Ma Patrick C H, Chan Keith C C
Department of Computing, the Hong Kong Polytechnic University, Hong Kong, China.
IEEE Trans Biomed Eng. 2009 Jul;56(7):1803-9. doi: 10.1109/TBME.2009.2015055. Epub 2009 Feb 20.
Many existing clustering algorithms have been used to identify coexpressed genes in gene expression data. These algorithms are used mainly to partition data in the sense that each gene is allowed to belong only to one cluster. Since proteins typically interact with different groups of proteins in order to serve different biological roles, the genes that produce these proteins are therefore expected to coexpress with more than one group of genes. In other words, some genes are expected to belong to more than one cluster. This poses a challenge to gene expression data clustering as there is a need for overlapping clusters to be discovered in a noisy environment. For this task, we propose an effective information theoretical approach, which consists of an initial clustering phase and a second reclustering phase, in this paper. The proposed approach has been tested with both simulated and real expression data. Experimental results show that it can improve the performances of existing clustering algorithms and is able to effectively uncover interesting patterns in noisy gene expression data so that, based on these patterns, overlapping clusters can be discovered.
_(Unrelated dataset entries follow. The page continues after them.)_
(* Let $\mathcal{Q}^2$ be the set of all quadrilaterals $[I,J] := \mathrm{conv}\{-a e_1, b e_1, -c e_2, d e_2\}$ with $a,b,c,d>0$. Assume that $\mu \colon \mathcal{Q}^2 \to \mathbb{R}^2$ is a valuation which is $\mathrm{VL}(2)$-covariant, i.e. $\mu(\phi P) = \phi\,\mu(P)$ whenever $\phi \in \mathrm{VL}(2)$ and $P, \phi P \in \mathcal{Q}^2$. Define $F(r) := \frac12 \mu_1(\mathrm{conv}\{-e_1, r e_1, -e_2, e_2\})$ for $r \in (0,\infty)$, where $\mu_1,\mu_2$ denote the components of $\mu$. Then for all $a,b,c,d>0$, \[ \mu[I,J] = \begin{pmatrix} -\frac1c & \frac1c & -\frac1d & \frac1d \\ -\frac1a & -\frac1b & \frac1a & \frac1b \end{pmatrix} \begin{pmatrix} F(ac)\\ F(bc) \\ F(ad) \\ F(bd)\end{pmatrix}. \] In particular, $\mu[I,J] = \tilde\mu(\mathrm{conv}\{-ae_1, be_1, -ce_2\}) + \tilde\mu(\mathrm{conv}\{-ae_1,be_1,de_2\})$, where for all $a,b,c,d>0$ \[ \tilde\mu(\mathrm{conv}\{-ae_1, be_1, -ce_2\}) := \begin{pmatrix} \frac1c(F(bc)-F(ac)) \\ -\frac1a F(ac) - \frac1b F(bc)\end{pmatrix}, \qquad \tilde\mu(\mathrm{conv}\{-ae_1, be_1, de_2\}) := \begin{pmatrix} \frac1d(F(bd)-F(ad)) \\ \frac1a F(ad) + \frac1b F(bd)\end{pmatrix}. \]
   Context: $e_1,e_2$ is the standard basis of $\mathbb{R}^2$. $\mathrm{VL}(2)$ is the group of linear maps of $\mathbb{R}^2$ with determinant $1$ or $-1$. A map $\mu$ on a family $\mathcal{S}$ of sets is a valuation if $\mu(K \cup L) + \mu(K \cap L) = \mu(K) + \mu(L)$ whenever $K, L, K\cup L, K \cap L \in \mathcal{S}$. *)

theory Defs
  imports "HOL-Analysis.Analysis"
begin

definition e1 :: "real^2" where "e1 = axis 1 1"
definition e2 :: "real^2" where "e2 = axis 2 1"

definition quad :: "real \<Rightarrow> real \<Rightarrow> real \<Rightarrow> real \<Rightarrow> (real^2) set" where
  "quad a b c d = convex hull {-(a *\<^sub>R e1), b *\<^sub>R e1, -(c *\<^sub>R e2), d *\<^sub>R e2}"

definition Q2 :: "(real^2) set set" where
  "Q2 = {P. \<exists>a b c d. a > 0 \<and> b > 0 \<and> c > 0 \<and> d > 0 \<and> P = quad a b c d}"

definition valuation_on :: "'a set set \<Rightarrow> ('a set \<Rightarrow> 'b::ab_group_add) \<Rightarrow> bool" where
  "valuation_on S \<mu> \<longleftrightarrow>
     (\<forall>K L. K \<in> S \<longrightarrow> L \<in> S \<longrightarrow> K \<union> L \<in> S \<longrightarrow> K \<inter> L \<in> S \<longrightarrow>
        \<mu> (K \<union> L) + \<mu> (K \<inter> L) = \<mu> K + \<mu> L)"

definition VL2 :: "(real^2^2) set" where
  "VL2 = {A. det A = 1 \<or> det A = -1}"

definition VL2_covariant :: "((real^2) set \<Rightarrow> real^2) \<Rightarrow> bool" where
  "VL2_covariant \<mu> \<longleftrightarrow>
     (\<forall>A \<in> VL2. \<forall>P \<in> Q2. (\<lambda>x. A *v x) ` P \<in> Q2 \<longrightarrow>
        \<mu> ((\<lambda>x. A *v x) ` P) = A *v \<mu> P)"

end

theory Submission
  imports Defs
begin

text \<open>
  The quadrilateral \<open>[I,J]\<close> is the unit ball of \<open>g\<^sub>I(x) + g\<^sub>J(y)\<close>, where \<open>g\<^sub>I\<close> is the
  Minkowski functional of the segment \<open>I\<close>; write \<open>[(a,b),(c,d)]\<close> and \<open>[I,(c,d)]\<close> when
  \<open>I = [-a,b]\<close> and \<open>J = [-c,d]\<close>. The value \<open>g\<^sub>J(y)\<close> depends only on
  \<open>c\<close> or only on \<open>d\<close>, according to the sign of \<open>y\<close>; hence quadrilaterals with a common \<open>I\<close> are
  closed under union and intersection, which take the componentwise maximum and minimum of
  \<open>(c,d)\<close>, and the valuation property becomes the exchange identity
  \<open>\<mu>[I,(c,d)] + \<mu>[I,(c',d')] = \<mu>[I,(c,d')] + \<mu>[I,(c',d)]\<close>.
  Taking \<open>(c',d') = (d,c)\<close> and reflecting \<open>e\<^sub>2 \<mapsto> -e\<^sub>2\<close> gives
  \<open>2\<mu>\<^sub>1[I,(c,d)] = \<mu>\<^sub>1[I,(c,c)] + \<mu>\<^sub>1[I,(d,d)]\<close>; the map \<open>diag(1/c, c)\<close> turns \<open>[cI,(1,1)]\<close> into
  \<open>[I,(c,c)]\<close>; and the exchange identity after swapping the axes, together with the reflection
  \<open>e\<^sub>1 \<mapsto> -e\<^sub>1\<close>, gives \<open>\<mu>\<^sub>1[(x,y),(1,1)] = 2F(y) - 2F(x)\<close>. Swapping the axes once more yields
  the second component.
\<close>

lemma e1_e2_components [simp]: "e1$1 = 1" "e1$2 = 0" "e2$1 = 0" "e2$2 = 1"
  by (simp_all add: e1_def e2_def axis_def)

definition interval_gauge :: "real \<Rightarrow> real \<Rightarrow> real \<Rightarrow> real" where
  "interval_gauge a b x = max (x / b) (- x / a)"

lemma interval_gauge_of_nonneg: "a > 0 \<Longrightarrow> b > 0 \<Longrightarrow> x \<ge> 0 \<Longrightarrow> interval_gauge a b x = x / b"
  unfolding interval_gauge_def by (simp add: max_absorb1 order_trans[of _ 0])

lemma interval_gauge_of_nonpos: "a > 0 \<Longrightarrow> b > 0 \<Longrightarrow> x \<le> 0 \<Longrightarrow> interval_gauge a b x = - x / a"
  using divide_nonpos_pos[of x a] divide_nonpos_pos[of x b]
  unfolding interval_gauge_def by (simp add: max_absorb2)

lemma interval_gauge_nonneg: "a > 0 \<Longrightarrow> b > 0 \<Longrightarrow> interval_gauge a b x \<ge> 0"
  by (cases "x \<ge> 0") (simp_all add: interval_gauge_of_nonneg interval_gauge_of_nonpos divide_nonpos_pos)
许多现有的聚类算法已被用于识别基因表达数据中的共表达基因。这些算法主要用于对数据进行划分,即每个基因只允许属于一个簇。由于蛋白质通常与不同的蛋白质组相互作用以发挥不同的生物学作用,因此产生这些蛋白质的基因预计会与不止一组基因共表达。换句话说,一些基因预计会属于不止一个簇。这给基因表达数据聚类带来了挑战,因为需要在噪声环境中发现重叠簇。针对此任务,我们在本文中提出了一种有效的信息理论方法,该方法由初始聚类阶段和第二个重新聚类阶段组成。所提出的方法已通过模拟和真实表达数据进行了测试。实验结果表明,它可以提高现有聚类算法的性能,并能够有效地在噪声基因表达数据中发现有趣的模式,从而基于这些模式发现重叠簇。